The accountability of the Company is an integral part of corporate activities for the business to prosper and enhance shareholder value. The Company should clearly present its mission and vision and present a clear explanation of the corporate governance mechanisms on every occasion. Furthermore, compliance policies and Total Risk Management must be instilled into the entire Teijin Group.
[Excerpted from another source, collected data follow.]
(* For all integers $s\geq 2$ and $r\geq 1$, $$\sum_{i=1}^{s-2}2^{i-1}\binom{2r+i-1}{i}\sigma(s-i,2r+i)+2^{s-1}\sum_{j=0}^{2r-2}(-1)^j\binom{s+j-1}{j}\lambda(s+j)\lambda(2r-j)$$ $$-2^{s-2}\binom{s+2r-2}{s-1}\sum_{p\geq 1}\frac{H_p}{(2p+1)^{s+2r-1}}-2^{s-1}\binom{s+2r-2}{s-1}\lambda(s+2r-1)\ln 2=0,$$ where an empty sum equals $0$.
   Context: $H_p=1+\frac12+\cdots+\frac1p$. For integers $t\geq 1$, $n\geq 1$ let $S_n^{(t)}=\sum_{k=1}^{n}\frac{1}{(2k-1)^t}$, and for integers $s\geq 2$, $t\geq 1$ let $\sigma(s,t)=\sum_{n\geq 1}\frac{S_n^{(t)}}{n^s}$. For real $s>1$, $\lambda(s)=\sum_{n\geq 1}\frac{1}{(2n-1)^s}$. *)

theory Defs
  imports "HOL-Analysis.Analysis"
begin

definition harmH :: "nat \<Rightarrow> real" where
  "harmH p = (\<Sum>k=1..p. 1 / real k)"

definition S_odd :: "nat \<Rightarrow> nat \<Rightarrow> real" where
  "S_odd t n = (\<Sum>k=1..n. 1 / (2 * real k - 1) ^ t)"

definition sigma :: "nat \<Rightarrow> nat \<Rightarrow> real" where
  "sigma s t = (\<Sum>n. S_odd t (n + 1) / real (n + 1) ^ s)"

definition dlambda :: "real \<Rightarrow> real" where
  "dlambda s = (\<Sum>n. 1 / (2 * real (n + 1) - 1) powr s)"

end

theory Submission
  imports Defs
begin

text \<open>
  Let \<open>y = 2k+1\<close> and \<open>z = 2m+1\<close> range over the odd positive integers, put \<open>a = 2r\<close>, and consider
  the absolutely convergent double series of \<open>1/(z^a (y+z)^s) - 1/(y^a (y+z)^s)\<close>: it vanishes,
  because exchanging \<open>y\<close> and \<open>z\<close> changes its sign. Expanding \<open>1/(z^a (y+z)^s)\<close> into partial
  fractions with respect to \<open>y\<close> turns every summand into a combination of terms
  \<open>1/(y^b (y+z)^c)\<close>, whose double series is \<open>\<sigma>(c,b)/2^c\<close>, of terms
  \<open>1/(y^b z^c)\<close>, whose double series is \<open>\<lambda>(b) \<lambda>(c)\<close>, and of a single term \<open>1/(y^N (y+z) z)\<close>.
  Summing the last one over \<open>z\<close> first gives \<open>(ln 2 + H_k/2)/y\<close>, which produces the logarithm and
  the harmonic series. Since \<open>a\<close> is even, the leading partial fraction \<open>1/(y^a (y+z)^s)\<close> cancels.
\<close>

lemma has_sum_sum:
  fixes f :: "'i \<Rightarrow> 'a \<Rightarrow> 'b::topological_comm_monoid_add"
  assumes "finite I" and "\<And>i. i \<in> I \<Longrightarrow> (f i has_sum c i) A"
  shows "((\<lambda>x. \<Sum>i\<in>I. f i x) has_sum (\<Sum>i\<in>I. c i)) A"
  using assms
proof (induction I rule: finite_induct)
  case empty
  then show ?case by simp
next
  case (insert j I)
  have "((\<lambda>x. f j x + (\<Sum>i\<in>I. f i x)) has_sum (c j + (\<Sum>i\<in>I. c i))) A"
    by (intro has_sum_add) (use insert in auto)
  with insert show ?case by simp
qed

lemma has_sum_diff:
  fixes f g :: "'a \<Rightarrow> 'b::topological_ab_group_add"
  assumes "(f has_sum a) A" and "(g has_sum b) A"
  shows "((\<lambda>x. f x - g x) has_sum (a - b)) A"
proof -
  have "((\<lambda>x. - g x) has_sum (- b)) A" using assms(2) by (simp add: has_sum_uminus)
  from has_sum_add[OF assms(1) this] show ?thesis by simp
qed

lemma has_sum_swap_diff_eq_0:
  fixes g :: "'a \<times> 'a \<Rightarrow> 'b::topological_ab_group_add"
  assumes "(g has_sum S) (A \<times> A)"
  shows "((\<lambda>(x,y). g (y,x) - g (x,y)) has_sum 0) (A \<times> A)"
proof -
  have "((\<lambda>(x,y). g (y,x)) has_sum S) (A \<times> A)" using assms by (rule has_sum_swap[THEN iffD1])
  from has_sum_diff[OF this assms] show ?thesis by (simp add: case_prod_unfold)
qed

definition partial_fraction_sum :: "'a::comm_ring_1 \<Rightarrow> nat \<Rightarrow> nat \<Rightarrow> 'a \<Rightarrow> 'a \<Rightarrow> 'a" where
  "partial_fraction_sum c a s u z = (\<Sum>i<s. c^i * of_nat ((a+i-1) choose i) * u^(a+i) * z^(s-i))"

lemma partial_fraction_sum_Suc_Suc:
  "partial_fraction_sum c (Suc a) (Suc s) u z =
     u * (partial_fraction_sum c a (Suc s) u z + c * partial_fraction_sum c (Suc a) s u z)"
proof -
  have L: "partial_fraction_sum c (Suc a) (Suc s) u z = u^(Suc a) * z^(Suc s) +
     (\<Sum>i<s. c^(Suc i) * of_nat (((a+i) choose i) + ((a+i) choose (Suc i))) * u^(a+i+2) * z^(s-i))"
    unfolding partial_fraction_sum_def by (subst sum.lessThan_Suc_shift) (simp add: Suc_diff_le)
  have R1: "partial_fraction_sum c a (Suc s) u z = u^a * z^(Suc s) +
     (\<Sum>i<s. c^(Suc i) * of_nat ((a+i) choose (Suc i)) * u^(a+i+1) * z^(s-i))"
    unfolding partial_fraction_sum_def by (subst sum.lessThan_Suc_shift) (simp add: Suc_diff_le)
  have R2: "partial_fraction_sum c (Suc a) s u z =
      (\<Sum>i<s. c^i * of_nat ((a+i) choose i) * u^(a+i+1) * z^(s-i))"
    unfolding partial_fraction_sum_def by simp
  show ?thesis unfolding L R1 R2
    by (simp add: algebra_simps sum_distrib_left sum.distrib power_Suc)
qed

text \<open>
  With \<open>u = 1/y\<close>, \<open>q = 1/z\<close> and \<open>p = 1/(y+z)\<close> the hypothesis is \<open>1/z - 1/(y+z) = y/(z (y+z))\<close>, and
  the conclusion is the partial fraction expansion of \<open>1/(z^a (y+z)^s)\<close> with respect to \<open>y\<close>.
\<close>
lemma power_mult_power_partial_fractions:
  fixes u p q :: "'a::comm_ring_1"
  assumes rel: "u * (q - p) = p * q" and "a + s \<ge> 1"
  shows "q^a * p^s = (-1)^a * partial_fraction_sum 1 a s u p + partial_fraction_sum (-1) s a u q"
  using assms(2)
proof (induction "a + s" arbitrary: a s rule: less_induct)
  case less
  consider "a = 0" | "s = 0" | a' s' where "a = Suc a'" "s = Suc s'"
    by (cases a; cases s) auto
  then show ?case
  proof cases
    case 1
    with less.prems obtain s' where s: "s = Suc s'" by (cases s) auto
    have "partial_fraction_sum 1 0 s u p = p^s"
      unfolding partial_fraction_sum_def s by (subst sum.lessThan_Suc_shift) (simp add: binomial_eq_0)
    with 1 show ?thesis by (simp add: partial_fraction_sum_def)
  next
    case 2
    with less.prems obtain a' where a: "a = Suc a'" by (cases a) auto
    have "partial_fraction_sum (-1) 0 a u q = q^a"
      unfolding partial_fraction_sum_def a by (subst sum.lessThan_Suc_shift) (simp add: binomial_eq_0)
    with 2 show ?thesis by (simp add: partial_fraction_sum_def)
  next
    case (3 a' s')
    have IH1: "q^(Suc a') * p^s' = (-1)^(Suc a') * partial_fraction_sum 1 (Suc a') s' u p
        + partial_fraction_sum (-1) s' (Suc a') u q"
      using less.hyps[of "Suc a'" s'] 3 by simp
    have IH2: "q^a' * p^(Suc s') = (-1)^a' * partial_fraction_sum 1 a' (Suc s') u p
        + partial_fraction_sum (-1) (Suc s') a' u q"
      using less.hyps[of a' "Suc s'"] 3 by simp
    have "q^a * p^s = q^a' * p^s' * (p * q)" using 3 by (simp add: algebra_simps)
    also have "\<dots> = u * (q^(Suc a') * p^s' - q^a' * p^(Suc s'))"
      unfolding rel[symmetric] by (simp add: algebra_simps)
    also have "\<dots> = (-1)^a * partial_fraction_sum 1 a s u p + partial_fraction_sum (-1) s a u q"
      unfolding IH1 IH2 3 partial_fraction_sum_Suc_Suc by (simp add: algebra_simps)
    finally show ?thesis .
  qed
qed

lemma inverse_power_difference_expansion:
  fixes y z :: real and a s :: nat
  assumes y: "y > 0" and z: "z > 0" and ev: "even a"
  shows "1/(z^(a+2)*(y+z)^(s+2)) - 1/(y^(a+2)*(y+z)^(s+2)) =
     (\<Sum>i<s. real ((a+2+i) choose (i+1)) / (y^(a+3+i)*(y+z)^(s+1-i)))
   + (\<Sum>t<Suc a. (-1)^t * real ((s+1+t) choose t) / (y^(s+2+t)*z^(a+2-t)))
   - real ((s+a+2) choose (s+1)) / (y^(s+a+2)*(y+z)*z)"
proof -
  define x where "x = y + z"
  have x: "x > 0" using y z by (simp add: x_def)
  have "(1/y) * (1/z - 1/x) = (1/x) * (1/z)" using y z x by (simp add: x_def field_simps)
  then have expansion: "(1/z)^(a+2) * (1/x)^(s+2) = (-1)^(a+2) * partial_fraction_sum 1 (a+2) (s+2) (1/y) (1/x)
      + partial_fraction_sum (-1) (s+2) (a+2) (1/y) (1/z)"
    by (rule power_mult_power_partial_fractions) simp
  have first: "partial_fraction_sum 1 (a+2) (s+2) (1/y) (1/x) = 1/(y^(a+2)*x^(s+2))
      + (\<Sum>i<s. real ((a+2+i) choose (i+1)) / (y^(a+3+i)*x^(s+1-i)))
      + real ((s+a+2) choose (s+1)) / (y^(s+a+2)*y*x)"
    unfolding partial_fraction_sum_def
    apply (simp only: add_2_eq_Suc' sum.lessThan_Suc[of _ "Suc s"])
    apply (subst sum.lessThan_Suc_shift)
    apply (simp add: power_one_over Suc_diff_le algebra_simps del: binomial_Suc_Suc)
    apply (intro sum.cong refl)
    apply (simp add: power_add power3_eq_cube del: binomial_Suc_Suc)
    done
  have "Suc (Suc (a+s)) choose Suc s = Suc (Suc (a+s)) choose Suc a"
    using binomial_symmetric[of "Suc s" "Suc (Suc (a+s))"] by simp
  then have second: "partial_fraction_sum (-1) (s+2) (a+2) (1/y) (1/z) =
      (\<Sum>t<Suc a. (-1)^t * real ((s+1+t) choose t) / (y^(s+2+t)*z^(a+2-t)))
      - real ((s+a+2) choose (s+1)) / (y^(s+a+2)*y*z)"
    unfolding partial_fraction_sum_def
    apply (simp only: add_2_eq_Suc' sum.lessThan_Suc[of _ "Suc a"])
    using ev apply (simp add: power_one_over Suc_diff_le algebra_simps del: binomial_Suc_Suc)
    done
  have merge: "c/(Y*y*x) - c/(Y*y*z) = - c/(Y*x*z)" if "Y > 0" for c Y :: real
    using that x y z by (simp add: divide_simps) (simp add: x_def algebra_simps)
  have last: "real ((s+a+2) choose (s+1)) / (y^(s+a+2)*y*x)
      - real ((s+a+2) choose (s+1)) / (y^(s+a+2)*y*z) = - real ((s+a+2) choose (s+1)) / (y^(s+a+2)*x*z)"
    by (rule merge) (use y in simp)
  have "(1/z)^(a+2) * (1/x)^(s+2) = 1/(z^(a+2)*x^(s+2))" by (simp add: power_one_over)
  with expansion have "1/(z^(a+2)*x^(s+2)) - 1/(y^(a+2)*x^(s+2)) =
     (\<Sum>i<s. real ((a+2+i) choose (i+1)) / (y^(a+3+i)*x^(s+1-i)))
    + (\<Sum>t<Suc a. (-1)^t * real ((s+1+t) choose t) / (y^(s+2+t)*z^(a+2-t)))
    + (real ((s+a+2) choose (s+1)) / (y^(s+a+2)*y*x) - real ((s+a+2) choose (s+1)) / (y^(s+a+2)*y*z))"
    unfolding first second using ev by simp
  from this[unfolded last] show ?thesis
    unfolding x_def by (simp only: diff_conv_add_uminus minus_divide_left)
qed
Teijin Group behaves as a Company that takes requests from shareholders and society into consideration in order to achieve a higher degree of accountability.

Basic policies

  1. 1.In disclosing information, the basic policy is to disclose the same contents inside and outside Japan simultaneously.
  2. 2.In addition to disclosing the financial information that is legally stipulated, the Company will proactively disclose corporate information from the standpoint of ESG.
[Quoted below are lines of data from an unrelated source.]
text \<open>By the triangle inequality \<open>\<rho> \<circ> \<iota>\<close> maps into the open \<open>\<epsilon>\<close>-ball, so it is trivial and
  \<open>d(\<mu>,\<rho>)\<close> dominates \<open>d(f, e)\<close> pointwise.\<close>
lemma sup_norm_le_sup_dist_hom:
  assumes "group X" "group G" "metric_on (carrier G) d" "no_small_subgroups G d \<epsilon>"
    and \<iota>: "\<iota> \<in> hom X \<Gamma>" and \<rho>: "\<rho> \<in> hom \<Gamma> G"
    and f: "f \<in> carrier X \<rightarrow> carrier G" and restr: "\<And>x. x \<in> carrier X \<Longrightarrow> \<mu> (\<iota> x) = f x"
    and f_small: "sup_norm G d (carrier X) f \<le> ereal (\<epsilon> / 2)"
    and close: "sup_dist d (carrier \<Gamma>) \<mu> \<rho> < ereal (\<epsilon> / 2)"
  shows "sup_norm G d (carrier X) f \<le> sup_dist d (carrier \<Gamma>) \<mu> \<rho>"
proof -
  interpret G: group G by fact
  have \<iota>_closed: "\<iota> x \<in> carrier \<Gamma>" if "x \<in> carrier X" for x
    using \<iota> that by (auto simp: hom_def)
  have \<rho>\<iota>_closed: "\<rho> (\<iota> x) \<in> carrier G" if "x \<in> carrier X" for x
    using \<rho> \<iota>_closed[OF that] by (auto simp: hom_def)
  have dist_close: "d (f x) (\<rho> (\<iota> x)) \<le> sup_dist d (carrier \<Gamma>) \<mu> \<rho>" if "x \<in> carrier X" for x
    using sup_dist_upper[OF \<iota>_closed[OF that], of d \<mu> \<rho>] restr[OF that] by simp
  have hom: "\<rho> \<circ> \<iota> \<in> hom X G"
    using \<iota> \<rho> \<iota>_closed by (auto intro!: homI simp: hom_def)
  have small: "d ((\<rho> \<circ> \<iota>) x) \<one>\<^bsub>G\<^esub> < \<epsilon>" if x: "x \<in> carrier X" for x
  proof -
    have fx: "f x \<in> carrier G" using f x by blast
    have "d (\<rho> (\<iota> x)) \<one>\<^bsub>G\<^esub> \<le> d (\<rho> (\<iota> x)) (f x) + d (f x) \<one>\<^bsub>G\<^esub>"
      by (rule metric_on_triangle[OF assms(3) \<rho>\<iota>_closed[OF x] fx G.one_closed])
    moreover have "d (\<rho> (\<iota> x)) (f x) = d (f x) (\<rho> (\<iota> x))"
      by (rule metric_on_sym[OF assms(3) \<rho>\<iota>_closed[OF x] fx])
    moreover have "ereal (d (f x) (\<rho> (\<iota> x))) < ereal (\<epsilon> / 2)"
      using dist_close[OF x] close by (rule le_less_trans)
    moreover have "ereal (d (f x) \<one>\<^bsub>G\<^esub>) \<le> ereal (\<epsilon> / 2)"
      using sup_norm_upper[OF x, of d f G] f_small by (rule order.trans)
    ultimately show ?thesis by simp
  qed
  have trivial: "\<rho> (\<iota> x) = \<one>\<^bsub>G\<^esub>" if "x \<in> carrier X" for x
    using hom_trivial_if_small_image[OF assms(1,2) hom assms(4) small that] by simp
  show ?thesis
    unfolding sup_norm_def sup_dist_def[of d "carrier X"]
  proof (rule SUP_least)
    fix x assume "x \<in> carrier X"
    with dist_close trivial show "ereal (d (f x) \<one>\<^bsub>G\<^esub>) \<le> sup_dist d (carrier \<Gamma>) \<mu> \<rho>"
      by simp
  qed
qed

theorem theorem4p2:
  fixes A :: "'a monoid" and B :: "'b monoid" and G :: "'g monoid"
    and d :: "'g \<Rightarrow> 'g \<Rightarrow> real" and \<epsilon> :: real
    and muA :: "'a \<Rightarrow> 'g" and muB :: "'b \<Rightarrow> 'g"
  assumes "group A" and "group B"
    and "carrier A \<noteq> {\<one>\<^bsub>A\<^esub>}" and "carrier B \<noteq> {\<one>\<^bsub>B\<^esub>}"
    and "\<epsilon> > 0"
    and "group G" and "bi_invariant_metric G d" and "no_small_subgroups G d \<epsilon>"
    and "muA \<in> carrier A \<rightarrow> carrier G" and "muB \<in> carrier B \<rightarrow> carrier G"
    and "alternating_map A G muA" and "alternating_map B G muB"
    and "sup_norm G d (carrier A) muA < \<infinity>" and "sup_norm G d (carrier B) muB < \<infinity>"
    and "max (sup_norm G d (carrier A) muA) (sup_norm G d (carrier B) muB) \<le> ereal (\<epsilon> / 2)"
  shows "hom_dist (free_product A B) G d (split_map G muA muB)
           \<ge> max (sup_norm G d (carrier A) muA) (sup_norm G d (carrier B) muB)"
  unfolding hom_dist_def
proof (rule INF_greatest, rule ccontr)
  fix \<rho> assume \<rho>: "\<rho> \<in> hom (free_product A B) G"
  let ?S = "sup_dist d (carrier (free_product A B)) (split_map G muA muB) \<rho>"
  assume "\<not> max (sup_norm G d (carrier A) muA) (sup_norm G d (carrier B) muB) \<le> ?S"
  with assms(15) have close: "?S < ereal (\<epsilon> / 2)"
    and A_small: "sup_norm G d (carrier A) muA \<le> ereal (\<epsilon> / 2)"
    and B_small: "sup_norm G d (carrier B) muB \<le> ereal (\<epsilon> / 2)" by auto
  have metric: "metric_on (carrier G) d"
    using assms(7) unfolding bi_invariant_metric_def by blast
  have half_lt: "ereal (\<epsilon> / 2) < ereal \<epsilon>" using assms(5) by simp
  have "muA \<one>\<^bsub>A\<^esub> = \<one>\<^bsub>G\<^esub>"
    using alternating_map_one[OF assms(1,6,9,11) metric assms(8)] A_small half_lt by (meson le_less_trans)
  then have "sup_norm G d (carrier A) muA \<le> ?S"
    by (intro sup_norm_le_sup_dist_hom[OF assms(1,6) metric assms(8) free_inl_hom[OF assms(1)]
          \<rho> assms(9) _ A_small close] split_map_free_inl[OF assms(6,9)])
  moreover have "muB \<one>\<^bsub>B\<^esub> = \<one>\<^bsub>G\<^esub>"
    using alternating_map_one[OF assms(2,6,10,12) metric assms(8)] B_small half_lt by (meson le_less_trans)
  then have "sup_norm G d (carrier B) muB \<le> ?S"
    by (intro sup_norm_le_sup_dist_hom[OF assms(2,6) metric assms(8) free_inr_hom[OF assms(2)]
          \<rho> assms(10) _ B_small close] split_map_free_inr[OF assms(6,10)])
  ultimately show False
    using \<open>\<not> max _ _ \<le> ?S\<close> by simp
qed

end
  3. 3.Information disclosure and communication with shareholders and investors shall primarily be conducted by the Corporate Communication Department under the supervision of the Chief Officer (Corporate Strategy).
  4. 4.Corporate Communication Department shall centrally manage information disclosure to shareholders and investors, along with providing external disclosure of medium- to long-term management strategies and other important matters of business in close coordination with the relevant internal departments and offices.
Measures for enhancing dialogue with shareholders and investors
  1. 1.To a reasonable extent, senior management shall make responses to engage in actual dialogue with shareholders and investors.
  2. 2.In addition to holding regular presentations for operating results, active measures, such as company overview presentations, and facility tour/presentations, shall be taken to enhance opportunities for dialogue with overseas and domestic institutional and individual shareholders and investors.
  3. 3.Corporate Communication Department shall arrange both opinions of investors grasped through dialogue and questions from analysts at operating results presentations, company overview presentations and others. Chief Officer (Corporate Strategy) regularly shall provide these for Directors, the Management and Statutory Auditors  as feedback.
Measures to control insider information

When externally disclosing important information related to the competitive strategies of individual businesses and information pertaining to highly confidential trade secrets, the corporate strategy planning divisions and the business operation divisions shall strive to strictly control such information by sharing guidelines and ensuring close coordination.